*** SPARK SQL ***

## The Data

![img](http://training.databricks.com/databricks_guide/USDA_logo.png)

The first of the two datasets that we will be working with is the **Farmers Markets Directory and Geographic Data**. This dataset contains information on the longitude and latitude, state, address, name, and zip code of farmers markets in the United States. The raw data is published by the Department of Agriculture. The version on the data that is found in Databricks (and is used in this tutorial) was updated by the Department of Agriculture on Dec 01, 2015.

![img](http://training.databricks.com/databricks_guide/irs-logo.jpg)

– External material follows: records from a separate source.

lemma is_matching_subset: "is_matching N \<Longrightarrow> M \<subseteq> N \<Longrightarrow> is_matching M"
  unfolding is_matching_iff by blast

lemma is_matching_inj_on_fst: "is_matching M \<Longrightarrow> inj_on fst M"
  unfolding is_matching_iff inj_on_def by auto

lemma is_matching_inj_on_snd: "is_matching M \<Longrightarrow> inj_on snd M"
  unfolding is_matching_iff inj_on_def by auto

lemma is_matching_greedy: "is_matching M \<Longrightarrow> is_matching (greedy M es)"
  by (induction es arbitrary: M) simp_all

lemma greedy_mono: "M \<subseteq> greedy M es"
proof (induction es arbitrary: M)
  case (Cons e es)
  have "M \<subseteq> (if is_matching (insert e M) then insert e M else M)" by auto
  then show ?case using Cons.IH[of "if is_matching (insert e M) then insert e M else M"] by simp
qed simp

lemma greedy_subset: "greedy M es \<subseteq> M \<union> set es"
proof (induction es arbitrary: M)
  case (Cons e es)
  have "(if is_matching (insert e M) then insert e M else M) \<subseteq> insert e M" by auto
  then show ?case using Cons.IH[of "if is_matching (insert e M) then insert e M else M"] by auto
qed simp

lemma greedy_append: "greedy M (xs @ ys) = greedy (greedy M xs) ys"
  by (induction xs arbitrary: M) auto

lemma greedy_covers:
  assumes "is_matching M" "(u, v) \<in> set es"
  shows "\<exists>(u', v') \<in> greedy M es. u' = u \<or> v' = v"
  using assms
proof (induction es arbitrary: M)
  case (Cons e es)
  let ?M' = "if is_matching (insert e M) then insert e M else M"
  show ?case
  proof (cases "e = (u, v)")
    case True
    have "\<exists>(u', v') \<in> ?M'. u' = u \<or> v' = v"
      using Cons.prems True unfolding is_matching_iff by auto
    moreover have "greedy M (e # es) = greedy ?M' es" by simp
    ultimately show ?thesis using greedy_mono[of ?M' es] by (simp only:) blast
  next
    case False
    then show ?thesis using Cons by simp
  qed
qed simp

section \<open>Averages over all orderings\<close>

definition perm_avg :: "'a set \<Rightarrow> ('a list \<Rightarrow> real) \<Rightarrow> real" where
  "perm_avg A f = (\<Sum>\<sigma>\<in>permutations_of_set A. f \<sigma>) / fact (card A)"

lemma expected_greedy_eq_perm_avg:
  "finite E \<Longrightarrow> expected_greedy E = perm_avg E (\<lambda>\<sigma>. real (card (greedy {} \<sigma>)))"
  unfolding expected_greedy_def perm_avg_def by (subst integral_pmf_of_set) auto

lemma perm_avg_mono:
  assumes "\<And>\<sigma>. \<sigma> \<in> permutations_of_set A \<Longrightarrow> f \<sigma> \<le> g \<sigma>"
  shows "perm_avg A f \<le> perm_avg A g"
  unfolding perm_avg_def by (intro divide_right_mono sum_mono assms) auto

lemma perm_avg_add: "perm_avg A (\<lambda>\<sigma>. f \<sigma> + g \<sigma>) = perm_avg A f + perm_avg A g"
  unfolding perm_avg_def by (simp add: sum.distrib add_divide_distrib)

lemma perm_avg_cmult: "perm_avg A (\<lambda>\<sigma>. c * f \<sigma>) = c * perm_avg A f"
  unfolding perm_avg_def by (simp add: sum_distrib_left)

lemma perm_avg_sum: "perm_avg A (\<lambda>\<sigma>. \<Sum>i\<in>I. f i \<sigma>) = (\<Sum>i\<in>I. perm_avg A (f i))"
  unfolding perm_avg_def by (simp add: sum.swap[of _ I] sum_divide_distrib)

lemma perm_avg_const: "finite A \<Longrightarrow> perm_avg A (\<lambda>_. c) = c"
  unfolding perm_avg_def by simp

lemma perm_avg_Cons:
  assumes "finite A" "A \<noteq> {}"
  shows "perm_avg A f = (\<Sum>x\<in>A. perm_avg (A - {x}) (\<lambda>xs. f (x # xs))) / card A"
proof -
  have sum_split: "(\<Sum>\<sigma>\<in>permutations_of_set A. f \<sigma>) =
        (\<Sum>x\<in>A. \<Sum>xs\<in>permutations_of_set (A - {x}). f (x # xs))"
  proof -
    have "(\<Sum>\<sigma>\<in>permutations_of_set A. f \<sigma>) =
          (\<Sum>x\<in>A. \<Sum>\<sigma>\<in>(\<lambda>xs. x # xs) ` permutations_of_set (A - {x}). f \<sigma>)"
      unfolding permutations_of_set_nonempty[OF assms(2)]
      by (rule sum.UNION_disjoint) (use assms in auto)
    also have "\<dots> = (\<Sum>x\<in>A. \<Sum>xs\<in>permutations_of_set (A - {x}). f (x # xs))"
      by (simp add: sum.reindex inj_on_def)
    finally show ?thesis .
  qed
  have "fact (card A) = real (card A) * fact (card A - 1)"
    using assms by (intro fact_reduce) (simp add: card_gt_0_iff)
  moreover have "x \<in> A \<Longrightarrow> card (A - {x}) = card A - 1" for x
    using assms by simp
  ultimately show ?thesis
    unfolding perm_avg_def sum_split by (simp add: sum_divide_distrib mult.commute)
qed

lemma perm_avg_prefix_disjoint_le:
  assumes "finite A" "S \<subseteq> A"
  shows "perm_avg A (\<lambda>\<sigma>. of_bool (set (take T \<sigma>) \<inter> S = {})) \<le> (1 - card S / card A) ^ T"
  using assms
proof (induction T arbitrary: A)
  case 0
  then show ?case by (simp add: perm_avg_const)
next
  case (Suc T)
  show ?case
  proof (cases "A = {}")
    case True
    then show ?thesis using Suc.prems by (simp add: perm_avg_const)
  next
    case False
    define N where "N = card A"
    define s where "s = card S"
    define q where "q = 1 - real s / N"
    have N_pos: "N > 0" using False Suc.prems by (simp add: N_def card_gt_0_iff)
    have "s \<le> N" unfolding s_def N_def using Suc.prems card_mono by blast
    have after_x: "perm_avg (A - {x}) (\<lambda>xs. of_bool (set (take (Suc T) (x # xs)) \<inter> S = {}))
        \<le> (if x \<in> S then 0 else q ^ T)" if "x \<in> A" for x
    proof (cases "x \<in> S")
      case True
      then show ?thesis using Suc.prems by (simp add: perm_avg_const)
    next
      case False
      have card_rest: "card (A - {x}) = N - 1" using \<open>x \<in> A\<close> Suc.prems by (simp add: N_def)
      have "s \<le> N - 1" unfolding s_def card_rest[symmetric]
        using Suc.prems False \<open>x \<in> A\<close> by (intro card_mono) auto
      then have q_le: "0 \<le> 1 - s / card (A - {x}) \<and> 1 - s / card (A - {x}) \<le> q"
        using N_pos by (cases "N = 1") (auto simp: card_rest q_def divide_le_eq_1
            intro!: divide_left_mono)
      have "perm_avg (A - {x}) (\<lambda>xs. of_bool (set (take (Suc T) (x # xs)) \<inter> S = {}))
          = perm_avg (A - {x}) (\<lambda>xs. of_bool (set (take T xs) \<inter> S = {}))"
        using False by simp
      also have "\<dots> \<le> (1 - s / card (A - {x})) ^ T"
        using Suc.prems False unfolding s_def by (intro Suc.IH) auto
      also have "\<dots> \<le> q ^ T"
        using q_le by (intro power_mono) auto
      finally show ?thesis using False by simp
    qed
    have "perm_avg A (\<lambda>\<sigma>. of_bool (set (take (Suc T) \<sigma>) \<inter> S = {}))
        \<le> (\<Sum>x\<in>A. (if x \<in> S then 0 else q ^ T)) / N"
      unfolding perm_avg_Cons[OF Suc.prems(1) False] N_def[symmetric]
      by (intro divide_right_mono sum_mono after_x) auto
    also have "(\<Sum>x\<in>A. (if x \<in> S then 0 else q ^ T)) = real (N - s) * q ^ T"
      using Suc.prems finite_subset[of S A]
      by (simp add: sum.If_cases N_def s_def Diff_eq[symmetric] card_Diff_subset)
    also have "real (N - s) * q ^ T / N = q ^ Suc T"
      using N_pos \<open>s \<le> N\<close> by (simp add: q_def field_simps)
    finally show ?thesis by (simp add: q_def N_def s_def)
  qed
qed

lemma perm_avg_prefix_count_le:
  assumes "finite A" "G \<subseteq> A"
  shows "perm_avg A (\<lambda>\<sigma>. real (card (set (take T \<sigma>) \<inter> G))) \<le> real T * card G / card A"
  using assms
proof (induction T arbitrary: A G)
  case 0
  then show ?case by (simp add: perm_avg_const)
next
  case (Suc T)
  show ?case
  proof (cases "A = {}")
    case True
    then show ?thesis using Suc.prems by (simp add: perm_avg_const)
  next
    case False
    define N where "N = card A"
    define g where "g = card G"
    have N_pos: "N > 0" using False Suc.prems by (simp add: N_def card_gt_0_iff)
    have "finite G" using Suc.prems finite_subset by blast
    have after_x: "perm_avg (A - {x}) (\<lambda>xs. real (card (set (take (Suc T) (x # xs)) \<inter> G)))
        \<le> of_bool (x \<in> G) + real T * (real g - of_bool (x \<in> G)) / (real N - 1)"
      if "x \<in> A" for x
    proof -
      have "card (set (take (Suc T) (x # xs)) \<inter> G)
          \<le> of_bool (x \<in> G) + card (set (take T xs) \<inter> (G - {x}))" for xs
      proof -
        have "set (take (Suc T) (x # xs)) \<inter> G = (G \<inter> {x}) \<union> (set (take T xs) \<inter> (G - {x}))"
          by auto
        then have "card (set (take (Suc T) (x # xs)) \<inter> G) \<le> card (G \<inter> {x}) + card (set (take T xs) \<inter> (G - {x}))"
          by (metis card_Un_le)
        moreover have "card (G \<inter> {x}) = of_bool (x \<in> G)"
          by (cases "x \<in> G") auto
        ultimately show ?thesis by simp
      qed
      then have "perm_avg (A - {x}) (\<lambda>xs. real (card (set (take (Suc T) (x # xs)) \<inter> G)))
          \<le> perm_avg (A - {x}) (\<lambda>xs. of_bool (x \<in> G) + real (card (set (take T xs) \<inter> (G - {x}))))"
        by (intro perm_avg_mono) (use of_nat_mono in fastforce)
      also have "\<dots> = of_bool (x \<in> G) + perm_avg (A - {x}) (\<lambda>xs. real (card (set (take T xs) \<inter> (G - {x}))))"
        using Suc.prems by (simp add: perm_avg_add perm_avg_const)
      also have "\<dots> \<le> of_bool (x \<in> G) + real T * card (G - {x}) / card (A - {x})"
        using Suc.prems by (simp add: Suc.IH Diff_mono)
      also have "card (A - {x}) = N - 1" using \<open>x \<in> A\<close> Suc.prems by (simp add: N_def)
      also have "real (card (G - {x})) = real g - of_bool (x \<in> G)"
        using \<open>finite G\<close> card_gt_0_iff[of G] by (cases "x \<in> G") (auto simp: g_def Suc_le_eq)
      finally show ?thesis using N_pos by simp
    qed
    have g_sum: "(\<Sum>x\<in>A. of_bool (x \<in> G) :: real) = g"
      using Suc.prems by (simp add: g_def Int_absorb1 Int_commute flip: sum.inter_filter)
    have "perm_avg A (\<lambda>\<sigma>. real (card (set (take (Suc T) \<sigma>) \<inter> G)))
        \<le> (\<Sum>x\<in>A. of_bool (x \<in> G) + real T * (real g - of_bool (x \<in> G)) / (real N - 1)) / N"
      unfolding perm_avg_Cons[OF Suc.prems(1) False] N_def[symmetric]
      by (intro divide_right_mono sum_mono after_x) auto
    also have "(\<Sum>x\<in>A. of_bool (x \<in> G) + real T * (real g - of_bool (x \<in> G)) / (real N - 1))
        = g + real T * (real N * g - g) / (real N - 1)"
      by (simp add: sum.distrib flip: sum_divide_distrib sum_distrib_left)
        (simp add: sum_subtractf g_sum N_def)
    also have "\<dots> \<le> real (Suc T) * g"
      using N_pos by (cases "N = 1") (auto simp: field_simps)
    finally show ?thesis using N_pos by (simp add: N_def g_def divide_right_mono)
  qed
qed

section \<open>The balanced Thick-Z graph\<close>

definition thick_Z_diag :: "nat \<Rightarrow> (nat \<times> nat) set" where
  "thick_Z_diag n = (\<lambda>i. (i, i)) ` {0..<2 * n}"

definition thick_Z_cross :: "nat \<Rightarrow> (nat \<times> nat) set" where
  "thick_Z_cross n = {n..<2 * n} \<times> {0..<n}"

lemma thick_Z_eq: "thick_Z n = thick_Z_diag n \<union> thick_Z_cross n"
  unfolding thick_Z_def thick_Z_diag_def thick_Z_cross_def by auto

lemma finite_thick_Z [simp]: "finite (thick_Z n)"
  by (simp add: thick_Z_eq thick_Z_diag_def thick_Z_cross_def)

lemma card_thick_Z_diag: "card (thick_Z_diag n) = 2 * n"
  unfolding thick_Z_diag_def by (subst card_image) (auto simp: inj_on_def)

lemma is_matching_thick_Z_diag: "is_matching (thick_Z_diag n)"
  unfolding is_matching_iff thick_Z_diag_def by auto

lemma card_thick_Z: "card (thick_Z n) = n * n + 2 * n"
proof -
  have "card (thick_Z_cross n) = n * n"
    unfolding thick_Z_cross_def by (simp add: card_cartesian_product)
  moreover have "thick_Z_diag n \<inter> thick_Z_cross n = {}"
    unfolding thick_Z_diag_def thick_Z_cross_def by auto
  ultimately show ?thesis
    unfolding thick_Z_eq using card_thick_Z_diag
    by (simp add: card_Un_disjoint thick_Z_diag_def thick_Z_cross_def)
qed

lemma card_matching_thick_Z_le:
  assumes "M \<subseteq> thick_Z n" "is_matching M"
  shows "card M \<le> 2 * n"
proof -
  have "card M = card (fst ` M)"
    using is_matching_inj_on_fst[OF assms(2)] by (simp add: card_image)
  also have "\<dots> \<le> card {0..<2 * n}"
    using assms(1) by (intro card_mono) (auto simp: thick_Z_def)
  finally show ?thesis by simp
qed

The second dataset we will be working with is the **SOI Tax Stats - Individual Income Tax Statistics - ZIP Code Data (SOI)**. This study provides detailed tabulations of individual income tax return data at the state and ZIP code level and is provided by the IRS. This repository only has a sample of the data: 2013 and includes "AGI". The ZIP Code data shows selected income and tax items classified by State, ZIP Code, and size of adjusted gross income. Data is based on individual income tax returns filed with the IRS and is available for Tax Years 1998, 2001, 2004 through 2013.


In [0]:
# Read The data
taxes2013 = (spark.read
  .option("header", "true")
  .csv("dbfs:/databricks-datasets/data.gov/irs_zip_code_data/data-001/2013_soi_zipcode_agi.csv"))

markets = (spark.read
  .option("header", "true")
  .csv("dbfs:/databricks-datasets/data.gov/farmers_markets_geographic_data/data-001/market_data.csv"))

In [0]:
# Register spark SQL tables

taxes2013.createOrReplaceTempView("taxes2013")
markets.createOrReplaceTempView("markets")

In [0]:
%sql 
DROP TABLE IF EXISTS cleaned_taxes;

CREATE TABLE cleaned_taxes AS
SELECT state, int(zipcode / 10) as zipcode, 
  int(mars1) as single_returns, 
  int(mars2) as joint_returns, 
  int(numdep) as numdep, 
  double(A02650) as total_income_amount,
  double(A00300) as taxable_interest_amount,
  double(a01000) as net_capital_gains,
  double(a00900) as biz_net_income
FROM taxes2013

In [0]:
sqlContext.cacheTable("cleaned_taxes")

# Convert back to a dataset from a table
cleanedTaxes = spark.sql("SELECT * FROM cleaned_taxes")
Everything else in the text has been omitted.